[[ PROVIDED INFORMATION open ]]
lemma alternating_sum_Suc_choose_mult_choose:
  fixes S c i :: nat
  assumes "i \<le> S"
  shows "(\<Sum>k\<le>i. (-1) ^ k * real (Suc S choose k) * real ((c + k) choose S))
       = (-1) ^ i * real ((c + Suc i) choose i) * real (c choose (S - i))"
  using assms
proof (induction i)
  case 0
  then show ?case by simp
next
  case (Suc i)
  have "S - i = Suc (S - Suc i)"
    using Suc.prems by simp
  then have pascal: "Suc c choose (S - i) = (c choose (S - Suc i)) + (c choose (S - i))"
    by simp
  have "(Suc S choose Suc i) * ((c + Suc i) choose S)
      = ((c + Suc i) choose S) * (S choose Suc i) + ((c + Suc i) choose S) * (S choose i)"
    by (simp add: algebra_simps)
  also have "\<dots> = ((c + Suc i) choose Suc i) * (c choose (S - Suc i))
                 + ((c + Suc i) choose i) * (Suc c choose (S - i))"
    using choose_mult'[of "Suc i" S "c + Suc i"] choose_mult'[of i S "c + Suc i"] Suc.prems
    by simp
  also have "\<dots> = ((c + Suc (Suc i)) choose Suc i) * (c choose (S - Suc i))
                 + ((c + Suc i) choose i) * (c choose (S - i))"
    by (simp add: pascal algebra_simps)
  finally have step: "real (Suc S choose Suc i) * real ((c + Suc i) choose S)
      = real ((c + Suc (Suc i)) choose Suc i) * real (c choose (S - Suc i))
        + real ((c + Suc i) choose i) * real (c choose (S - i))"
    by (metis of_nat_add of_nat_mult)
  show ?case
    using Suc step by (simp add: algebra_simps del: binomial_Suc_Suc)
qed
(* Let $G$ be a free nilpotent group of class $d\in\mathbb{N}$ with free generators $g_i=g_{1,i}$, $i=1,\dots,n=\mathrm{rk}(G)$. Then for any $d'<d$ and any polynomial maps $\xi_i\colon G\to\mathbb{R}$, $i=1,\dots,n$, of degree at most $d'$, there is a polynomial map $\xi\colon G\to\mathbb{R}$ of degree at most $d'+1$ such that $\partial_{g_i}\xi=\xi_i$ for all $i$.
   Context: The free nilpotent group of class $d$ on $n$ generators is $F_n/(F_n)_{[d+1]}$ where $F_n$ is the free group and $(\cdot)_{[k]}$ the lower central series. $(\partial_g\xi)(h)=\xi(g^{-1}h)-\xi(h)$; $\xi$ is a polynomial of degree at most $d$ if $\partial_{g_1}\cdots\partial_{g_{d+1}}\xi\equiv0$ for all $g_1,\dots,g_{d+1}\in G$. *)

theory Defs
  imports "HOL-Algebra.Algebra" Complex_Main
begin

text \<open>A letter (i, True) is the generator x_i, (i, False) is its inverse.\<close>

definition cancels :: "nat \<times> bool \<Rightarrow> nat \<times> bool \<Rightarrow> bool" where
  "cancels a b \<longleftrightarrow> fst a = fst b \<and> snd a \<noteq> snd b"

definition reduce :: "(nat \<times> bool) list \<Rightarrow> (nat \<times> bool) list" where
  "reduce w = foldr (\<lambda>x acc. case acc of [] \<Rightarrow> [x]
                       | y # ys \<Rightarrow> (if cancels x y then ys else x # y # ys)) w []"

definition free_group :: "nat \<Rightarrow> (nat \<times> bool) list monoid" where
  "free_group n = \<lparr> carrier = {w. set w \<subseteq> {0..<n} \<times> UNIV \<and> reduce w = w},
                    monoid.mult = (\<lambda>u v. reduce (u @ v)),
                    one = [] \<rparr>"

section \<open>Lower central series, indexed from 1: G_[1] = G, G_[k+1] = [G, G_[k]]\<close>

fun lower_central :: "('a, 'b) monoid_scheme \<Rightarrow> nat \<Rightarrow> 'a set" where
  "lower_central G 0 = carrier G"
| "lower_central G (Suc 0) = carrier G"
| "lower_central G (Suc (Suc k)) =
     generate G {x \<otimes>\<^bsub>G\<^esub> y \<otimes>\<^bsub>G\<^esub> inv\<^bsub>G\<^esub> x \<otimes>\<^bsub>G\<^esub> inv\<^bsub>G\<^esub> y
                 | x y. x \<in> carrier G \<and> y \<in> lower_central G (Suc k)}"

definition free_nilpotent_with_gens ::
    "('g, 'b) monoid_scheme \<Rightarrow> nat \<Rightarrow> nat \<Rightarrow> (nat \<Rightarrow> 'g) \<Rightarrow> bool" where
  "free_nilpotent_with_gens G d n g \<longleftrightarrow> group G \<and>
     (\<exists>\<phi>. \<phi> \<in> hom (free_group n) G \<and> \<phi> ` carrier (free_group n) = carrier G \<and>
          kernel (free_group n) G \<phi> = lower_central (free_group n) (Suc d) \<and>
          (\<forall>i<n. \<phi> [(i, True)] = g i))"

definition diffop :: "('g, 'b) monoid_scheme \<Rightarrow> 'g \<Rightarrow> ('g \<Rightarrow> real) \<Rightarrow> 'g \<Rightarrow> real" where
  "diffop G g \<xi> h = \<xi> (inv\<^bsub>G\<^esub> g \<otimes>\<^bsub>G\<^esub> h) - \<xi> h"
[[ PROVIDED INFORMATION closed ]]
Show every line above in which the word "using" occurs.

**OUTPUT FOR THIS TASK**
  using assms
    using Suc.prems by simp
    using choose_mult'[of "Suc i" S "c + Suc i"] choose_mult'[of i S "c + Suc i"] Suc.prems
    using Suc step by (simp add: algebra_simps del: binomial_Suc_Suc)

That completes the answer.